AceWiki is a semantic wiki that is powerful and at the same time easy to use. Making use of the controlled natural language ACE, the formal statements of the wiki are shown in a way that looks like natural English. In order to help the users to write correct ACE sentences, AceWiki provides a predictive editor.
OpenEphyra is a question answering (QA) system. It retrieves answers to natural language questions from the Web and other sources. OpenEphyra comes with implementations of algorithms that proved effective in Carnegie Mellon's Ephyra system, which participated in the TREC evaluations. It is platform independent and can be set up in just a few minutes. The goal of this project is to give researchers the opportunity to develop new QA techniques without worrying about the end-to-end system.
RapidMiner (formerly YALE) is a flexible Java environment for knowledge discovery in databases, machine learning, and data mining. Many nestable learning and preprocessing operators (including Weka) are provided. It features an XML-based graphical user interface, a plugin mechanism, and high-dimensional plotting, and provides an easy-to-use extension mechanism that makes it possible to integrate new operators and adapt the system to your personal requirements. A command line version is also included.
IkeWiki is a new kind of Wiki (a so-called "Semantic Wiki") developed by Salzburg Research that allows users to collaboratively annotate pages and links between pages with semantic annotations. Such annotations are useful because they give machines a certain amount of "understanding" of the content that goes beyond merely displaying the page. This information can then, for example, be used for context-specific presentation of pages, advanced querying, consistency verification, or drawing conclusions.

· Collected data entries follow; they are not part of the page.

(* Let $\mathbf x=(k,S,\Lambda,\mathbf a)$ be an abelian group $k$-parameter and $G=G_{\mathbf x}$. (1) If $U\subseteq{}^\omega S$, $u\subseteq{}^\omega S\setminus U$ is finite, $j\le k$, $|u|\le j$ and $|U|\le\aleph_{k-j}$, then the abelian group $G_{U\cup u}/G_{U,u}$ is free. (2) If $U\subseteq{}^\omega S$ and $|U|\le\aleph_k$, then $G_U$ is free.
   Context: For a set $S$, ${}^\omega S$ is the set of all functions $\omega\to S$. An abelian group $k$-parameter is $\mathbf x=(k,S,\Lambda,\mathbf a)$ with $k<\omega$, $S$ a set, $\Lambda\subseteq {}^{k+1}({}^\omega S)$ (sequences $\bar\eta=\langle\eta_0,\dots,\eta_k\rangle$, $\eta_\ell\in{}^\omega S$) and $\mathbf a:\Lambda\times\omega\to\mathbb Z$, $\mathbf a_{\bar\eta,n}=\mathbf a(\bar\eta,n)$. For $\bar\eta\in\Lambda$, $m\le k$, $n<\omega$, $\bar\eta\upharpoonleft\langle m,n\rangle$ is the sequence obtained from $\bar\eta$ by replacing $\eta_m$ with $\eta_m\restriction n$. $\Lambda_m=\{\bar\eta\upharpoonleft\langle m,n\rangle:\bar\eta\in\Lambda,n<\omega\}$, $\Lambda_{\le k}=\bigcup_{m\le k}\Lambda_m$. $G_{\mathbf x}$ is the abelian group generated by $z$, $x_{\bar\nu}$ ($\bar\nu\in\Lambda_{\le k}$), $y_{\bar\eta,n}$ ($\bar\eta\in\Lambda,n<\omega$) freely except for the relations $(n!)y_{\bar\eta,n+1}=y_{\bar\eta,n}+\mathbf a_{\bar\eta,n}z+\sum_{m\le k}x_{\bar\eta\upharpoonleft\langle m,n\rangle}$ ($\bar\eta\in\Lambda$, $n<\omega$). For $U\subseteq{}^\omega S$, $G_U$ is the subgroup of $G_{\mathbf x}$ generated by $\{z\}\cup\{y_{\bar\eta,n}:\bar\eta\in\Lambda\cap{}^{k+1}U,n<\omega\}\cup\{x_{\bar\eta\upharpoonleft\langle m,n\rangle}:\bar\eta\in\Lambda\cap{}^{k+1}U,m\le k,n<\omega\}$. For $U\subseteq{}^\omega S$ and finite $u\subseteq{}^\omega S$, $G_{U,u}$ is the subgroup of $G_{\mathbf x}$ generated by $\bigcup_{\eta\in u}G_{U\cup(u\setminus\{\eta\})}$ (so $G_{U,\emptyset}=\{0\}$). *)

theory Defs
  imports "HOL-Algebra.Free_Abelian_Groups"
begin

(* A point of ^omega S is a function nat => 's; a (k+1)-tuple of such is a list of length k+1. *)
type_synonym 's tup = "(nat \<Rightarrow> 's) list"
(* a tuple in which one coordinate has been replaced by a finite initial segment *)
type_synonym 's ptup = "((nat \<Rightarrow> 's) + 's list) list"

Jigsaw is an embedded data-store designed for the development of data-warehouse, analytical, and machine learning applications. Jigsaw can perform over one million operations a second, and scale to store tera-bytes of data. The object library contains classes for representing ordered and unordered mappings, highly compressed bit vectors with a range of set theoretic operators, and directly integrates a high performance sort system.
SenseClusters is a natural language processing package that allows you to cluster similar contexts or to identify clusters of related words. It supports its own native methods based on first and second order representations of context, and also supports Latent Semantic Analysis. It is fully unsupervised, and can automatically discover the optimal number of clusters in your text. SenseClusters is a complete system that takes users from preprocessing of raw text to providing clustered output.